Belfast Telegraph

Huge painting restored in castle

A unique painting of the Battle of the Boyne is being restored in a castle because it is too big to move off-site.

Dutch painter Jan Wyck's panoramic record of the largest battle ever fought on Irish soil was completed just three years after the 1690 clash between Protestant King William III and Catholic King James II.

Measuring more than three metres long and over two metres high, the impressive canvas has been hanging over the dining room of Malahide Castle, in north county Dublin, for the past 40 years.

Fourteen members of the Talbot family, who built the castle, died at the battle fighting for the Jacobites.

The painting was bequeathed to the National Gallery in 1936 and has been on loan to Malahide since 1976.

Its sheer size - reflecting the epic scale of the bloody milestone in Irish and British history - has forced the National Gallery of Ireland, which owns the painting, to restore it on site.

Sean Rainbird, director of the gallery, said it needed renovation for a landmark exhibition of Irish history next year, as part of the Decade of Centenaries commemorations.
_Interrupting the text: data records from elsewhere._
lemma closedin_open_subgroup:
  assumes "topological_group G T" "subgroup V G" "openin T V"
  shows "closedin T V"
proof -
  have tp: "topspace T = carrier G"
    using assms(1) by (rule topspace_topological_group)
  have "topspace T - V = (\<Union>a\<in>carrier G - V. a <#\<^bsub>G\<^esub> V)"
  proof (intro subset_antisym subsetI)
    fix x assume "x \<in> topspace T - V"
    then show "x \<in> (\<Union>a\<in>carrier G - V. a <#\<^bsub>G\<^esub> V)"
      using lcos_self[OF _ assms(2)] tp by blast
  next
    fix x assume "x \<in> (\<Union>a\<in>carrier G - V. a <#\<^bsub>G\<^esub> V)"
    then obtain a v where a: "a \<in> carrier G" "a \<notin> V" and v: "v \<in> V" "x = a \<otimes> v"
      unfolding l_coset_def by blast
    have vG: "v \<in> carrier G"
      using v(1) subgroup.mem_carrier[OF assms(2)] by blast
    have "x \<notin> V"
    proof
      assume "x \<in> V"
      then have "x \<otimes> inv v \<in> V"
        using subgroup.m_closed[OF assms(2)] subgroup.m_inv_closed[OF assms(2) v(1)] by blast
      moreover have "x \<otimes> inv v = a"
        using v(2) vG a(1) by (simp add: m_assoc)
      ultimately show False
        using a(2) by simp
    qed
    then show "x \<in> topspace T - V"
      using v(2) vG a(1) tp by simp
  qed
  moreover have "openin T (\<Union>a\<in>carrier G - V. a <#\<^bsub>G\<^esub> V)"
    using openin_l_coset[OF assms(1) _ assms(3)] by (intro openin_Union) blast
  ultimately show ?thesis
    unfolding closedin_def using openin_subset[OF assms(3)] by simp
qed

lemma open_subgroup_in_compact_open:
  assumes "topological_group G T" "openin T K" "compactin T K" "\<one> \<in> K"
  obtains V where "subgroup V G" "openin T V" "V \<subseteq> K"
proof -
  have tp: "topspace T = carrier G"
    using assms(1) by (rule topspace_topological_group)
  have K: "K \<subseteq> carrier G"
    using openin_subset[OF assms(2)] tp by simp
  have mult: "continuous_map (prod_topology T T) T (\<lambda>(x, y). x \<otimes> y)"
    and inv: "continuous_map T T (\<lambda>x. inv x)"
    using assms(1) by (simp_all add: topological_group_def)
  define P where "P = {p \<in> topspace (prod_topology T T). (\<lambda>(x, y). x \<otimes> y) p \<in> K}"
  have P: "openin (prod_topology T T) P"
    unfolding P_def using mult assms(2) by (rule openin_continuous_map_preimage)
  have KP: "K \<times> {\<one>} \<subseteq> P"
    using K tp by (auto simp: P_def)
  have one: "\<one> \<in> topspace T"
    using tp by simp
  obtain U0 N where N: "openin T U0" "openin T N" "K \<subseteq> U0" "\<one> \<in> N" "U0 \<times> N \<subseteq> P"
    using tube_lemma_left[OF P assms(3) one KP] by blast
  have KN: "k \<otimes> n \<in> K" if "k \<in> K" "n \<in> N" for k n
  proof -
    have "(k, n) \<in> P"
      using N(3,5) that by blast
    then show ?thesis
      by (simp add: P_def)
  qed
  define S where "S = N \<inter> {x \<in> topspace T. inv x \<in> N}"
  have "openin T {x \<in> topspace T. inv x \<in> N}"
    using inv N(2) by (rule openin_continuous_map_preimage)
  then have S: "openin T S" "\<one> \<in> S" "S \<subseteq> carrier G"
    unfolding S_def using N(2,4) openin_subset[OF N(2)] tp by auto
  have gen: "generate G S \<subseteq> carrier G"
    using generate_incl[OF S(3)] .
  have stable: "k \<otimes> x \<in> K" if "x \<in> generate G S" "k \<in> K" for x k
    using that
  proof (induction arbitrary: k)
    case one
    then have "k \<in> carrier G"
      using K by blast
    with one show ?case
      by simp
  next
    case (incl h)
    then show ?case
      using KN by (simp add: S_def)
  next
    case (inv h)
    then show ?case
      using KN by (simp add: S_def)
  next
    case (eng h1 h2)
    have "k \<in> carrier G" "h1 \<in> carrier G" "h2 \<in> carrier G"
      using eng.prems eng.hyps K gen by blast+
    then have "k \<otimes> (h1 \<otimes> h2) = k \<otimes> h1 \<otimes> h2"
      by (simp add: m_assoc)
    then show ?case
      using eng.IH eng.prems by simp
  qed
  have "generate G S \<subseteq> K"
  proof
    fix x assume x: "x \<in> generate G S"
    then have "\<one> \<otimes> x \<in> K"
      using assms(4) by (rule stable)
    moreover have "x \<in> carrier G"
      using x gen by blast
    ultimately show "x \<in> K"
      by simp
  qed
  moreover have "S \<subseteq> generate G S"
    by (blast intro: generate.incl)
  then have "openin T (generate G S)"
    by (rule openin_subgroup_if_nbhd[OF assms(1) generate_is_subgroup[OF S(3)] S(1,2)])
  ultimately show ?thesis
    using generate_is_subgroup[OF S(3)] that by blast
qed
lemma sum_Pow_cut_sign_mult:
  assumes fV: "finite V" and e: "e \<subseteq> V" "card e = 2" and e': "e' \<subseteq> V" "card e' = 2"
  shows "(\<Sum>T\<in>Pow V. cut_sign T e * cut_sign T e') = (if e = e' then 2 ^ card V else 0)"
proof (cases "e = e'")
  case True
  have "cut_sign T e * cut_sign T e' = 1" for T using True by (simp add: cut_sign_def)
  then have "(\<Sum>T\<in>Pow V. cut_sign T e * cut_sign T e') = 2 ^ card V" using fV by (simp add: card_Pow)
  then show ?thesis using True by simp
next
  case False
  have "finite e'" using e'(2) by (simp add: card_ge_0_finite)
  then have "\<not> e \<subseteq> e'" using card_subset_eq[of e' e] False e(2) e'(2) by auto
  then obtain u where "u \<in> e" "u \<notin> e'" by blast
  then have "(\<Sum>T\<in>Pow V. cut_sign T e * cut_sign T e') = 0"
    using e e'(2) by (intro sum_Pow_eq_0_if_toggle_negates[of u]) (auto simp: cut_sign_toggle)
  then show ?thesis using False by simp
qed

lemma sum_Pow_square_sum_cut_sign:
  assumes fV: "finite V" and fF: "finite F" and F: "\<forall>e\<in>F. e \<subseteq> V \<and> card e = 2"
  shows "(\<Sum>T\<in>Pow V. (\<Sum>e\<in>F. cut_sign T e)\<^sup>2) = int (card F) * 2 ^ card V"
proof -
  have "(\<Sum>T\<in>Pow V. (\<Sum>e\<in>F. cut_sign T e)\<^sup>2)
      = (\<Sum>e\<in>F. \<Sum>e'\<in>F. \<Sum>T\<in>Pow V. cut_sign T e * cut_sign T e')"
    by (simp add: power2_eq_square sum_product sum.swap[of _ "Pow V"] sum.swap[of _ "Pow V" F])
  also have "\<dots> = (\<Sum>e\<in>F. \<Sum>e'\<in>F. if e = e' then 2 ^ card V else 0)"
    using F by (intro sum.cong refl sum_Pow_cut_sign_mult[OF fV]) auto
  also have "\<dots> = int (card F) * 2 ^ card V" using fF by simp
  finally show ?thesis .
qed

lemma cut_sign_Diff:
  assumes "e \<subseteq> V"
  shows "cut_sign (V - T) e = cut_sign T e"
  using assms by (auto simp: cut_sign_def)
theorem theorem2p1:
  fixes u :: "real^'n \<Rightarrow> real" and C0 :: real
  assumes n3: "CARD('n) \<ge> 3"
    and C2: "C2_on {x. norm x > 1} u"
    and rad: "radial u"
    and eq: "\<forall>x. norm x > 1 \<longrightarrow> (\<exists>lam. eigenvalues_mult (hessian u x) lam \<and>
               (\<forall>i. lam i > 0) \<and>
               (1 / real CARD('n)) * (\<Sum>i\<in>UNIV. ln (lam i)) = C0)"
  shows "let n = real CARD('n); C' = exp (n * C0) in
    \<exists>c c0' c0. c \<ge> - C' \<and>
      (\<forall>x. norm x > 1 \<longrightarrow>
         u x = integral {1..norm x} (\<lambda>t. t * (c * t powr (- n) + C') powr (1 / n)) + c0') \<and>
      (\<forall>x. norm x > max 1 ((\<bar>c\<bar> / C') powr (1 / n)) \<longrightarrow>
         summable (\<lambda>j. ((1 / n) gchoose (j + 1)) / (2 - n * real (j + 1))
                         * (c * norm x powr (- n) / C') ^ (j + 1)) \<and>
         u x = 1 / 2 * C' powr (1 / n) * (norm x)\<^sup>2 + c0
               + C' powr (1 / n) * (norm x)\<^sup>2 *
                 (\<Sum>j. ((1 / n) gchoose (j + 1)) / (2 - n * real (j + 1))
                         * (c * norm x powr (- n) / C') ^ (j + 1)))"
proof -
  let ?n = "real CARD('n)" and ?C' = "exp (real CARD('n) * C0)"
  have n: "?n \<ge> 3" and C': "?C' > 0"
    using n3 by simp_all
  have n2: "CARD('n) \<ge> 2"
    using n3 by simp
  obtain c f where c: "c \<ge> - ?C'" and u: "\<And>x. norm x > 1 \<Longrightarrow> u x = f (norm x)"
    and f: "\<And>r. r > 1 \<Longrightarrow> (f has_real_derivative r * (c * r powr - ?n + ?C') powr (1 / ?n)) (at r)"
    by (fact radial_solution_profile[OF n2 C2 rad eq])
  obtain c0' where c0': "\<And>R. R > 1 \<Longrightarrow> f R = integral {1..R} (\<lambda>t. t * (c * t powr - ?n + ?C') powr (1 / ?n)) + c0'"
    using profile_integral_form[OF _ _ c f] C' n by auto
  obtain c0 where c0: "\<And>R. R > max 1 ((\<bar>c\<bar> / ?C') powr (1 / ?n)) \<Longrightarrow>
      f R = ?C' powr (1 / ?n) * R\<^sup>2 * binomial_primitive_series ?n (1 / ?n) (c * R powr - ?n / ?C') + c0"
    using profile_series_form[OF n C' f] by metis
  have z: "\<bar>c * norm x powr - ?n / ?C'\<bar> < 1" if "norm x > max 1 ((\<bar>c\<bar> / ?C') powr (1 / ?n))"
    for x :: "real^'n"
    using abs_mult_powr_neg_less_1[OF _ C' that] n by simp
  note split = binomial_primitive_series_split_head[OF n z, where a = "1 / ?n",
      unfolded binomial_primitive_coeff_def]
  show ?thesis
    unfolding Let_def
    by (rule exI[of _ c], rule exI[of _ c0'], rule exI[of _ c0])
      (use c u c0' c0 split in \<open>auto simp: algebra_simps\<close>)
qed

end
text \<open>Each pair of points in different blocks lies in exactly one cell; the Latin property
  enters through reindexing the row and column sums.\<close>

lemma bd_cells_pair:
  assumes "a < b"
  shows "bd_cells {a, b} = block_pair_sign m a b"
proof -
  \<comment> \<open>a named indicator, so that the simplifier does not split the conditionals\<close>
  define e :: "nat \<Rightarrow> nat \<Rightarrow> 'a" where "e p q = (if p = q then 1 else 0)" for p q
  let ?ind = "\<lambda>c p. if c < p \<and> p \<le> c + m then 1 else (0::'a)"
  have rows: "(\<Sum>i\<in>{1..m}. e a i) = ?ind 0 a"
    using sum_block_indicator[where b=a and c=0 and m=m] unfolding e_def by (simp only: add_0)
  have cols: "(\<Sum>j\<in>{1..m}. e p (m + j)) = ?ind m p" for p
    unfolding e_def by (rule sum_block_indicator)
  have symbols_in_row: "(\<Sum>j\<in>{1..m}. e b (2*m + K i j)) = ?ind (2*m) b" if "i \<in> {1..m}" for i
    using sum_row[OF that, of "\<lambda>k. e b (2*m + k)"] sum_block_indicator
    unfolding e_def by (rule trans)
  have symbols_in_col: "(\<Sum>i\<in>{1..m}. e b (2*m + K i j)) = ?ind (2*m) b" if "j \<in> {1..m}" for j
    using sum_col[OF that, of "\<lambda>k. e b (2*m + k)"] sum_block_indicator
    unfolding e_def by (rule trans)
  have row_col: "(\<Sum>i\<in>{1..m}. \<Sum>j\<in>{1..m}. e a i * e b (m + j)) = ?ind 0 a * ?ind m b"
    by (simp only: sum_distrib_left[symmetric] sum_distrib_right[symmetric] rows cols)
  have row_symbol:
    "(\<Sum>i\<in>{1..m}. \<Sum>j\<in>{1..m}. e a i * e b (2*m + K i j)) = ?ind 0 a * ?ind (2*m) b"
    by (simp only: sum_distrib_left[symmetric] symbols_in_row sum_distrib_right[symmetric] rows
        cong: sum.cong)
  have col_symbol:
    "(\<Sum>i\<in>{1..m}. \<Sum>j\<in>{1..m}. e a (m + j) * e b (2*m + K i j)) = ?ind m a * ?ind (2*m) b"
    by (simp only: sum.swap[of _ "{1..m}"] sum_distrib_left[symmetric] symbols_in_col
        sum_distrib_right[symmetric] cols cong: sum.cong)
  have "bd_cells {a, b} = (\<Sum>i\<in>{1..m}. \<Sum>j\<in>{1..m}. e a i * e b (m + j)
      - e a i * e b (2*m + K i j) + e a (m + j) * e b (2*m + K i j))"
    unfolding bd_cells_def sum_fun_apply e_def using \<open>a < b\<close>
    by (intro sum.cong refl) (simp add: bd_cell_pair)
  also have "\<dots> = ?ind 0 a * ?ind m b - ?ind 0 a * ?ind (2*m) b + ?ind m a * ?ind (2*m) b"
    by (simp only: sum.distrib sum_subtractf row_col row_symbol col_symbol)
  also have "\<dots> = block_pair_sign m a b"
    by (simp add: block_pair_sign_def)
  finally show ?thesis .
qed

lemma bd_cells_in_os_ideal: "bd_cells \<in> os_ideal (3*m) (circuits {1..3*m} indep)"
proof -
  have "bd (cell m K i j) \<in> os_ideal (3*m) (circuits {1..3*m} indep)"
    if "i \<in> {1..m}" "j \<in> {1..m}" for i j
    using cells_circuits[OF that] cell_subset[OF that] by (rule bd_in_os_ideal)
  then show ?thesis
    unfolding bd_cells_def os_ideal_def by (intro module.span_sum[OF module_escale]) simp
qed

lemma wedge_oneform_eq_bd_cells:
  fixes l1 l2 l3 \<alpha> \<beta> \<gamma> :: "'a::field"
  assumes l: "l1 + l2 + l3 = 0" and \<alpha>: "\<alpha> + \<beta> + \<gamma> = 0"
  shows "wedge (oneform m l1 l2 l3) (oneform m \<alpha> \<beta> \<gamma>) = escale (l1 * \<beta> - l2 * \<alpha>) bd_cells"
proof
  fix U
  show "wedge (oneform m l1 l2 l3) (oneform m \<alpha> \<beta> \<gamma>) U = escale (l1 * \<beta> - l2 * \<alpha>) bd_cells U"
  proof (cases "finite U \<and> card U = 2")
    case True
    then obtain a b where U: "U = {a, b}" "a < b"
      by (metis card_2_iff insert_commute linorder_neqE_nat)
    show ?thesis
      unfolding U(1) escale_apply wedge_oneform_pair[OF U(2) l \<alpha>] bd_cells_pair[OF U(2)] ..
  next
    case False
    have "wedge (oneform m l1 l2 l3) (oneform m \<alpha> \<beta> \<gamma>) \<in> Edeg (3*m) (1 + 1)"
      by (intro wedge_Edeg oneform_Edeg)
    then have "wedge (oneform m l1 l2 l3) (oneform m \<alpha> \<beta> \<gamma>) U = 0"
      using False Edeg_nonzero by fastforce
    moreover have "bd (cell m K i j) U = (0::'a)" if "i \<in> {1..m}" "j \<in> {1..m}" for i j
      using Edeg_nonzero[OF bd_Edeg[OF cell_subset[OF that]]] card_cell[OF that] False by fastforce
    then have "bd_cells U = (0::'a)"
      unfolding bd_cells_def sum_fun_apply by (intro sum.neutral ballI) auto
    ultimately show ?thesis by simp
  qed
qed

lemma off_lines_within_block:
  assumes "p \<noteq> q" "p \<notin> XJ m Rs Cs Ss"
    and "(p \<le> m \<and> q \<le> m) \<or> (m < p \<and> p \<le> 2*m \<and> m < q \<and> q \<le> 2*m) \<or> (2*m < p \<and> 2*m < q)"
  shows "\<forall>L\<in>lines. \<not> {p, q} \<subseteq> L"
proof (intro ballI notI)
  fix L assume "L \<in> lines" "{p, q} \<subseteq> L"
  from this(1) show False
  proof (cases rule: lines_cases)
    case 1
    then show False using \<open>{p, q} \<subseteq> L\<close> assms(2) by blast
  next
    case (2 i j)
    then show False
      using cell_cases[OF 2(1,2), of p] cell_cases[OF 2(1,2), of q] \<open>{p, q} \<subseteq> L\<close> assms(1,3) by auto
  qed
qed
"Following completion of the project, the painting will return to the gallery for a period and will be one of the key works in our 2016 exhibition, Creating History: Stories of Ireland in Art, before retaking its place in the historically significant surroundings of Malahide Castle, where it has been on show for many years," he said.

Once restored, experts will have to remove the painting from its frame, and roll it up to get it out of the castle doors for its temporary move to the National Gallery.

Wyck's vision captures the chaos and carnage of the battle at Oldbridge, in Co Meath.

With the help of funding by the William E Connor Foundation, two conservation experts are working full-time to painstakingly restore the centuries old painting in situ at Malahide Castle.

Visitors can catch a glimpse of the work as they pass by.

Wyck painted a number of versions of the Battle of the Boyne - smaller versions are in the collections of the Ulster Museum and the National Army Museum, London.